◆ **ASSIGNED TASK**: Extract, from the listing that follows, each line containing the word "agree".

◆ **RECORDS SHOWN**:
lemma has_copy_image:
  assumes "inj_on f (\<Union>E)" and "k \<ge> 2" and "has_copy k F E (\<lambda>e. c (f ` e))"
  shows "has_copy k F ((`) f ` E) c"
proof -
  obtain S \<phi> where S: "clique_in E S" "realizes_pattern k F (\<lambda>e. c (f ` e)) S \<phi>"
    using assms(3) unfolding has_copy_iff by blast
  have "card S = k"
    using S(2) unfolding realizes_pattern_def by (metis bij_betw_same_card card_atLeastLessThan diff_zero)
  then have "inj_on f S" using clique_subset_Union[OF S(1)] assms(1,2) inj_on_subset by auto
  define \<psi> where "\<psi> = \<phi> \<circ> the_inv_into S f"
  have \<psi>: "\<psi> (f x) = \<phi> x" if "x \<in> S" for x
    using that \<open>inj_on f S\<close> by (simp add: \<psi>_def the_inv_into_f_f)
  have "bij_betw \<psi> (f ` S) {0..<k}"
    using S(2) \<open>inj_on f S\<close> unfolding \<psi>_def realizes_pattern_def
    by (meson bij_betw_the_inv_into bij_betw_trans inj_on_imp_bij_betw)
  moreover have "c {x2, y2} = c {x2', y2'} \<longleftrightarrow> F {\<psi> x2, \<psi> y2} = F {\<psi> x2', \<psi> y2'}"
    if images: "x2 \<in> f ` S" "y2 \<in> f ` S" "x2' \<in> f ` S" "y2' \<in> f ` S" "x2 \<noteq> y2" "x2' \<noteq> y2'"
    for x2 y2 x2' y2'
  proof -
    obtain x y x' y' where "x \<in> S" "y \<in> S" "x' \<in> S" "y' \<in> S"
      and "x2 = f x" "y2 = f y" "x2' = f x'" "y2' = f y'"
      using images(1-4) by blast
    moreover have "x \<noteq> y" "x' \<noteq> y'" using images(5,6) calculation by auto
    ultimately show ?thesis using S(2) \<psi> unfolding realizes_pattern_def by simp
  qed
  ultimately have "realizes_pattern k F c (f ` S) \<psi>" unfolding realizes_pattern_def by blast
  moreover have "clique_in ((`) f ` E) (f ` S)"
    unfolding clique_in_def
  proof (intro ballI impI)
    fix x2 y2 assume "x2 \<in> f ` S" "y2 \<in> f ` S" "x2 \<noteq> y2"
    then obtain x y where "x \<in> S" "y \<in> S" "x \<noteq> y" "x2 = f x" "y2 = f y" by blast
    then show "{x2, y2} \<in> (`) f ` E"
      using S(1) unfolding clique_in_def by (auto intro: image_eqI[where x = "{x, y}"])
  qed
  ultimately show ?thesis unfolding has_copy_iff by blast
qed

section \<open>Counting colourings through a nonadjacent pair\<close>

definition del_vertex :: "'a \<Rightarrow> 'a set set \<Rightarrow> 'a set set" where
  "del_vertex w E = {e \<in> E. w \<notin> e}"

lemma del_vertex_commute: "del_vertex u (del_vertex v E) = del_vertex v (del_vertex u E)"
  unfolding del_vertex_def by blast

lemma del_vertex_nonadjacent_cover:
  assumes "\<forall>e\<in>E. card e = 2" and "u \<noteq> v" and "{u, v} \<notin> E"
  shows "del_vertex v E \<union> del_vertex u E = E"
proof -
  have "e = {u, v}" if "e \<in> E" "u \<in> e" "v \<in> e" for e
  proof (rule card_subset_eq[symmetric])
    show "finite e" "card {u, v} = card e" using that(1) assms(1,2) card.infinite by fastforce+
  qed (use that in blast)
  then show ?thesis using assms(3) unfolding del_vertex_def by blast
qed

lemma has_copy_nonadjacent_split:
  assumes "u \<noteq> v" and "{u, v} \<notin> E"
  shows "has_copy k F E c \<longleftrightarrow> has_copy k F (del_vertex v E) c \<or> has_copy k F (del_vertex u E) c"
proof
  assume "has_copy k F E c"
  then obtain S \<phi> where S: "clique_in E S" "realizes_pattern k F c S \<phi>"
    unfolding has_copy_iff by blast
  have "u \<notin> S \<or> v \<notin> S"
    using S(1) assms unfolding clique_in_def by blast
  then have "clique_in (del_vertex v E) S \<or> clique_in (del_vertex u E) S"
    using S(1) unfolding clique_in_def del_vertex_def by auto
  then show "has_copy k F (del_vertex v E) c \<or> has_copy k F (del_vertex u E) c"
    using S(2) unfolding has_copy_iff by blast
next
  assume "has_copy k F (del_vertex v E) c \<or> has_copy k F (del_vertex u E) c"
  then show "has_copy k F E c" unfolding del_vertex_def by (auto elim: has_copy_mono)
qed

definition extensions :: "'e set \<Rightarrow> ('e \<Rightarrow> 'b) set \<Rightarrow> ('e \<Rightarrow> 'b) \<Rightarrow> ('e \<Rightarrow> 'b) set" where
  "extensions C X \<chi> = {\<alpha> \<in> X. restrict \<alpha> C = \<chi>}"

lemma bij_betw_restrict_pair:
  "bij_betw (\<lambda>c. (restrict c A, restrict c B)) (A \<union> B \<rightarrow>\<^sub>E Z)
     {(\<alpha>, \<beta>). \<alpha> \<in> A \<rightarrow>\<^sub>E Z \<and> \<beta> \<in> B \<rightarrow>\<^sub>E Z \<and> restrict \<alpha> (A \<inter> B) = restrict \<beta> (A \<inter> B)}"
  (is "bij_betw ?split _ ?pairs")
proof -
  let ?glue = "\<lambda>(\<alpha>, \<beta>). \<lambda>e \<in> A \<union> B. if e \<in> A then \<alpha> e else \<beta> e"
  have "?glue (?split c) = c" if c: "c \<in> A \<union> B \<rightarrow>\<^sub>E Z" for c
    using PiE_arb[OF c] by (auto simp: fun_eq_iff)
  moreover have "?split (?glue p) = p" if "p \<in> ?pairs" for p
  proof -
    obtain \<alpha> \<beta> where p: "p = (\<alpha>, \<beta>)" and \<alpha>: "\<alpha> \<in> A \<rightarrow>\<^sub>E Z" and \<beta>: "\<beta> \<in> B \<rightarrow>\<^sub>E Z"
      and agree: "restrict \<alpha> (A \<inter> B) = restrict \<beta> (A \<inter> B)"
      using \<open>p \<in> ?pairs\<close> by blast
    have "\<alpha> e = \<beta> e" if "e \<in> A \<inter> B" for e
      using fun_cong[OF agree, of e] that by simp
    then show ?thesis
      unfolding p using PiE_arb[OF \<alpha>] PiE_arb[OF \<beta>] by (auto simp: fun_eq_iff)
  qed
  ultimately show ?thesis
    by (intro bij_betw_byWitness[where f' = ?glue]) auto
qed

◆ **SOLUTION TO THE EXERCISE**:
      and agree: "restrict \<alpha> (A \<inter> B) = restrict \<beta> (A \<inter> B)"
      using fun_cong[OF agree, of e] that by simp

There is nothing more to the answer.